Today I just have a moment, but wanted to write a quick word. I have found myself thinking so many times about our Song of Solomon Bible Study that has been over for a month, and one of the things that has stood out to me is finally understanding just a smidge of SOS 8:6–
“Place me like a seal over your heart,
like a seal on your arm;
for love is as strong as death,
its jealousy unyielding as the grave.
It burns like blazing fire,
like a mighty flame.”
Here’s the smidge that is echoing in my mind, and giving such focus and peace every time I lack it (which is often!…
In the first line, our heart represents our affections, both affections we are craving and affections we are offering. Our heart represents what matters to us deep down, who we are in the secret. Everything in our life overflows out of this heart, and this is the heart God is speaking of when He says, “Love the Lord your God with all of your heart…” But I veer off. I forget. I don’t choose to get filled by Him sometimes, and my life begins to wither, like a branch severed from the vine. It shows up in my energy, my attitude, everything, because it is a literal connection–my Life is in Christ, and while He is always here with me, I can easily ignore that and therefore not receive those sweet benefits of connection with Him daily.
Also, in that first line, there’s this: “Place me like a seal over your heart.” A seal means the authority, the ownership, the protection. He is a seal, a piece of armor and hope, set upon my heart! He wants to protect my heart, keeping it from giving its focus and affections and desires to things other than Himself (like concerns about what I can or can’t do, or just busyness!) This is my prayer: “Lord, place Yourself today as a seal over my heart! Keep my heart beating, fully ALIVE because of my connection with You.”

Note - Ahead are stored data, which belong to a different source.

lemma contracted_sets_disjoint:
  assumes X: "X \<in> contracted" and Y: "Y \<in> contracted" and "X \<inter> Y \<noteq> {}"
  shows "X = Y"
proof (rule ccontr)
  assume "X \<noteq> Y"
  have "induced X \<union> induced Y \<noteq> {}"
    using card_induced_contracted[OF X] contracted_set_circuit(2)[OF X] by auto
  moreover have "induced X \<union> induced Y \<subseteq> E"
    using induced_subset by simp
  ultimately have "int (card (induced X \<union> induced Y))
      \<le> 2 * int (card (verts (induced X \<union> induced Y) hv tv)) - 1"
    by (rule card_le_laman[rotated])
  then have "int (card (induced X \<union> induced Y)) \<le> 2 * int (card (X \<union> Y)) - 1"
    by (simp add: verts_Un contracted_set_circuit(4)[OF X] contracted_set_circuit(4)[OF Y])
  moreover have "card (induced X) + card (induced Y)
      = card (induced X \<union> induced Y) + card (induced (X \<inter> Y))"
    using card_Un_Int[OF finite_induced finite_induced] by (simp add: induced_Int)
  moreover have "card X + card Y = card (X \<union> Y) + card (X \<inter> Y)"
    by (rule card_Un_Int[OF finite_contracted_set[OF X] finite_contracted_set[OF Y]])
  ultimately show False
    using card_induced_Int_le[OF X Y \<open>X \<noteq> Y\<close> \<open>X \<inter> Y \<noteq> {}\<close>]
      card_induced_contracted[OF X] card_induced_contracted[OF Y]
    by linarith
qed

lemma red_cls_contracted:
  assumes "X \<in> contracted" "v \<in> X"
  shows "cls v = X"
proof -
  have "(THE C. C \<in> contracted \<and> v \<in> C) = X"
    using assms contracted_sets_disjoint by (intro the_equality) blast+
  then show ?thesis
    using assms unfolding red_cls_def by auto
qed

lemma red_cls_cases: "(cls v \<in> contracted \<and> v \<in> cls v) \<or> cls v = {v}"
proof (cases "\<exists>X\<in>contracted. v \<in> X")
  case True
  then obtain X where "X \<in> contracted" "v \<in> X"
    by blast
  then show ?thesis
    using red_cls_contracted by simp
next
  case False
  then show ?thesis
    unfolding red_cls_def by simp
qed

lemma mem_red_cls: "v \<in> cls v"
  using red_cls_cases[of v] by blast

lemma red_cls_eq:
  assumes "w \<in> cls u"
  shows "cls w = cls u"
proof (cases "cls u \<in> contracted")
  case True
  then show ?thesis
    using red_cls_contracted assms by blast
next
  case False
  then show ?thesis
    using red_cls_cases[of u] assms by simp
qed

lemma red_cls_eq_contracted:
  assumes "cls u = cls v" "u \<noteq> v"
  shows "cls u \<in> contracted"
proof (rule ccontr)
  assume "cls u \<notin> contracted"
  then have "cls u = {u}"
    using red_cls_cases[of u] by simp
  then show False
    using mem_red_cls[of v] assms by simp
qed

lemma red_cls_not_contracted: "cls v \<notin> contracted \<Longrightarrow> cls v = {v}"
  using red_cls_cases[of v] by simp

lemma finite_red_cls: "finite (cls v)"
  using red_cls_not_contracted[of v] finite_contracted_set[of "cls v"] by (cases "cls v \<in> contracted") simp_all

lemma red_cls_subset: "v \<in> V \<Longrightarrow> cls v \<subseteq> V"
  using red_cls_not_contracted[of v] contracted_set_circuit(1)[of "cls v"] by (cases "cls v \<in> contracted") simp_all

lemma red_classes_disjoint: "pairwise disjnt (range cls)"
proof (rule pairwiseI)
  fix X Y assume "X \<in> range cls" "Y \<in> range cls" "X \<noteq> Y"
  then obtain u w where X: "X = cls u" and Y: "Y = cls w"
    by blast
  have False if "x \<in> X" "x \<in> Y" for x
    using red_cls_eq[of x u] red_cls_eq[of x w] that X Y \<open>X \<noteq> Y\<close> by simp
  then show "disjnt X Y"
    unfolding disjnt_def by blast
qed

lemma contracted_subset_red_V: "contracted \<subseteq> red_V V E hv tv col"
proof
  fix X assume X: "X \<in> contracted"
  then obtain v where "v \<in> X"
    using contracted_set_circuit(2)[OF X] by (metis all_not_in_conv card.empty not_numeral_le_zero)
  then have "v \<in> V" "cls v = X"
    using red_cls_contracted[OF X] contracted_set_circuit(1)[OF X] by auto
  then show "X \<in> red_V V E hv tv col"
    unfolding red_V_def by (metis image_eqI)
qed

lemma finite_contracted: "finite contracted"
proof -
  have "contracted \<subseteq> Pow V"
    using contracted_set_circuit(1) by blast
  then show ?thesis
    using finite_V by (meson finite_Pow_iff finite_subset)
qed

lemma card_Union_red_classes:
  assumes "finite \<C>" "\<C> \<subseteq> range cls"
  shows "card (\<Union>\<C>) = card (\<C> - contracted) + (\<Sum>X\<in>\<C> \<inter> contracted. card X)"
proof -
  have "card (\<Union>\<C>) = (\<Sum>X\<in>\<C>. card X)"
  proof (rule card_Union_disjoint)
    show "pairwise disjnt \<C>"
      using pairwise_subset[OF red_classes_disjoint assms(2)] .
    show "finite X" if "X \<in> \<C>" for X
      using that assms(2) finite_red_cls by blast
  qed
  also have "\<dots> = (\<Sum>X\<in>\<C> - contracted. card X) + (\<Sum>X\<in>\<C> \<inter> contracted. card X)"
    using sum.Int_Diff[OF assms(1), of card contracted] by linarith
  also have "(\<Sum>X\<in>\<C> - contracted. card X) = (\<Sum>X\<in>\<C> - contracted. 1)"
  proof (rule sum.cong)
    fix X assume "X \<in> \<C> - contracted"
    then obtain v where "X = cls v" "cls v \<notin> contracted"
      using assms(2) by blast
    then show "card X = 1"
      using red_cls_not_contracted[of v] by simp
  qed simp
  finally show ?thesis
    by simp
qed

abbreviation Vr :: "'v set set" where "Vr \<equiv> red_V V E hv tv col"
abbreviation Er :: "('e + 'v set) set" where "Er \<equiv> red_E V E hv tv col"
abbreviation hr :: "'e + 'v set \<Rightarrow> 'v set" where "hr \<equiv> red_hd V E hv tv col"
abbreviation tr :: "'e + 'v set \<Rightarrow> 'v set" where "tr \<equiv> red_tl V E hv tv col"
abbreviation colr :: "'e + 'v set \<Rightarrow> bool" where "colr \<equiv> red_col col"

lemma red_hd_tl_simps [simp]:
  "hr (Inl e) = cls (hv e)" "tr (Inl e) = cls (tv e)" "hr (Inr X) = X" "tr (Inr X) = X"
  unfolding red_hd_def red_tl_def by simp_all

definition kept_edges :: "'e set" where
  "kept_edges = {e \<in> E. hv e = tv e \<or> cls (hv e) \<noteq> cls (tv e)}"

lemma red_E_eq: "Er = Inl ` kept_edges \<union> Inr ` contracted"
  unfolding red_E_def kept_edges_def ..

lemma finite_kept_edges: "finite kept_edges"
  unfolding kept_edges_def using finite_E by simp

text \<open>Self-loops of G are kept even inside a contracted set, but no circuit contains one.\<close>

lemma kept_edges_Int_induced:
  assumes "X \<in> contracted"
  shows "kept_edges \<inter> induced X = {}"
proof -
  have False if "e \<in> kept_edges" "e \<in> induced X" for e
  proof -
    have "cls (hv e) = X" "cls (tv e) = X"
      using that(2) red_cls_contracted[OF assms] unfolding induced_def by auto
    moreover have "hv e \<noteq> tv e"
      by (rule ross_circuit_no_loop[OF contracted_set_circuit(3,2)[OF assms] that(2)])
    ultimately show False
      using that(1) unfolding kept_edges_def by simp
  qed
  then show ?thesis
    by blast
qed

lemma induced_disjoint: "X \<in> contracted \<Longrightarrow> Y \<in> contracted \<Longrightarrow> X \<noteq> Y \<Longrightarrow> induced X \<inter> induced Y = {}"
  using contracted_sets_disjoint[of X Y] induced_Int[of X Y] unfolding induced_def by auto

lemma edges_eq_kept_Un_induced: "E = kept_edges \<union> \<Union>(induced ` contracted)"
proof
  show "kept_edges \<union> \<Union>(induced ` contracted) \<subseteq> E"
    using induced_subset unfolding kept_edges_def by blast
  show "E \<subseteq> kept_edges \<union> \<Union>(induced ` contracted)"
  proof
    fix e assume "e \<in> E"
    show "e \<in> kept_edges \<union> \<Union>(induced ` contracted)"
    proof (cases "e \<in> kept_edges")
      case False
      then have "cls (hv e) \<in> contracted" "cls (tv e) = cls (hv e)"
        using \<open>e \<in> E\<close> red_cls_eq_contracted unfolding kept_edges_def by auto
      moreover have "e \<in> induced (cls (hv e))"
        using \<open>e \<in> E\<close> mem_red_cls[of "hv e"] mem_red_cls[of "tv e"] calculation(2)
        unfolding induced_def by simp
      ultimately show ?thesis
        by blast
    qed simp
  qed
qed

lemma card_kept_Un_induced:
  assumes "A \<subseteq> kept_edges" "\<S> \<subseteq> contracted"
  shows "int (card (A \<union> \<Union>(induced ` \<S>)))
    = int (card A) + 2 * (\<Sum>X\<in>\<S>. int (card X)) - int (card \<S>)"
proof -
  have "finite \<S>" "finite A"
    using finite_subset assms finite_contracted finite_kept_edges by blast+
  have "card (\<Union>(induced ` \<S>)) = (\<Sum>X\<in>\<S>. card (induced X))"
    using \<open>finite \<S>\<close> finite_induced induced_disjoint assms(2) by (intro card_UN_disjoint) auto
  moreover have "card (A \<union> \<Union>(induced ` \<S>)) = card A + card (\<Union>(induced ` \<S>))"
    using \<open>finite A\<close> \<open>finite \<S>\<close> finite_induced kept_edges_Int_induced assms
    by (intro card_Un_disjoint) auto
  moreover have "(\<Sum>X\<in>\<S>. int (card (induced X))) = (\<Sum>X\<in>\<S>. 2 * int (card X) - 1)"
    using card_induced_contracted assms(2) by (intro sum.cong) auto
  ultimately show ?thesis
    by (simp add: sum_subtractf sum_distrib_left)
qed

lemma red_graph_colored: "colored_graph Vr Er hr tr"
  unfolding colored_graph_def
proof (intro conjI)
  show "finite Vr"
    unfolding red_V_def using finite_V by simp
  show "finite Er"
    unfolding red_E_eq using finite_kept_edges finite_contracted by simp
  show "\<forall>k\<in>Er. hr k \<in> Vr \<and> tr k \<in> Vr"
  proof
    fix k assume "k \<in> Er"
    then consider e where "k = Inl e" "e \<in> E" | X where "k = Inr X" "X \<in> contracted"
      unfolding red_E_eq kept_edges_def by blast
    then show "hr k \<in> Vr \<and> tr k \<in> Vr"
    proof cases
      case 1
      then show ?thesis
        unfolding red_V_def using edge_endpoints by simp
    next
      case 2
      then show ?thesis
        using contracted_subset_red_V by auto
    qed
  qed
qed

lemma finite_red_subset: "K \<subseteq> Er \<Longrightarrow> finite K"
  using red_graph_colored finite_subset unfolding colored_graph_def by blast

lemma card_red_E: "int (card Er) = 2 * int (card Vr) - 1"
proof -
  have "card Er = card kept_edges + card contracted"
    unfolding red_E_eq using finite_kept_edges finite_contracted
    by (subst card_Un_disjoint) (auto simp: card_image)
  moreover have "int (card E) = int (card kept_edges) + 2 * (\<Sum>X\<in>contracted. int (card X))
      - int (card contracted)"
    using card_kept_Un_induced[of kept_edges contracted] edges_eq_kept_Un_induced by simp
  moreover have "\<Union>Vr = V"
  proof
    show "\<Union>Vr \<subseteq> V"
      unfolding red_V_def using red_cls_subset by auto
    show "V \<subseteq> \<Union>Vr"
      unfolding red_V_def using mem_red_cls by auto
  qed
  then have "card V = card (Vr - contracted) + (\<Sum>X\<in>contracted. card X)"
    using card_Union_red_classes[of Vr] contracted_subset_red_V finite_V image_subset_iff[of cls V]
    unfolding red_V_def by (simp add: Int_absorb1)
  moreover have "card Vr = card (Vr - contracted) + card contracted"
    using card_Diff_subset[OF finite_contracted contracted_subset_red_V]
      card_mono[OF _ contracted_subset_red_V] finite_V unfolding red_V_def by simp
  ultimately show ?thesis
    using card_E by simp
qed

lemma verts_red_subset: "K \<subseteq> Er \<Longrightarrow> verts K hr tr \<subseteq> Vr"
  using red_graph_colored unfolding colored_graph_def verts_def by blast

lemma orig_edges_subset_kept: "K \<subseteq> Er \<Longrightarrow> {e. Inl e \<in> K} \<subseteq> kept_edges"
  unfolding red_E_eq by blast

definition lift :: "('e + 'v set) set \<Rightarrow> 'e set" where
  "lift K = {e. Inl e \<in> K} \<union> \<Union>(induced ` (verts K hr tr \<inter> contracted))"

lemma lift_subset: "K \<subseteq> Er \<Longrightarrow> lift K \<subseteq> E"
  using orig_edges_subset_kept[of K] induced_subset unfolding lift_def kept_edges_def by blast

So then in the second line, our arm represents our work, our strength, how we use our times, talents, resources, and energy. Our arm is perhaps what others see us do, our work among men. The heart and then the arm is like the first commandment, with the second coming after yet being equal! We love Him…and therefore we also love our neighbor. So our arm is important, too, and just as we need “His seal” upon our heart, oh how we need His seal upon our arm!!!
His love and jealousy for us is so strong that it can be compared to death. What this says to me is that it’s pretty strong, pretty final; it’s something none of us can change or do anything about when it happens…It’s out of our hands. He wants us that much, and like any jealous lover, He’s happy to put His seal on us if we’ll let Him! His love burns like a mighty flame that never goes out.
It is easy to find myself being a flickering flame for Him, just from being tired or busy or whatever…but when I remember that I don’t have to do anything but come warm myself by that fire, and just be loved, WOW! That stirs something in me. If I am “found burning”, it will be because He was relentless in His fiery love for me first.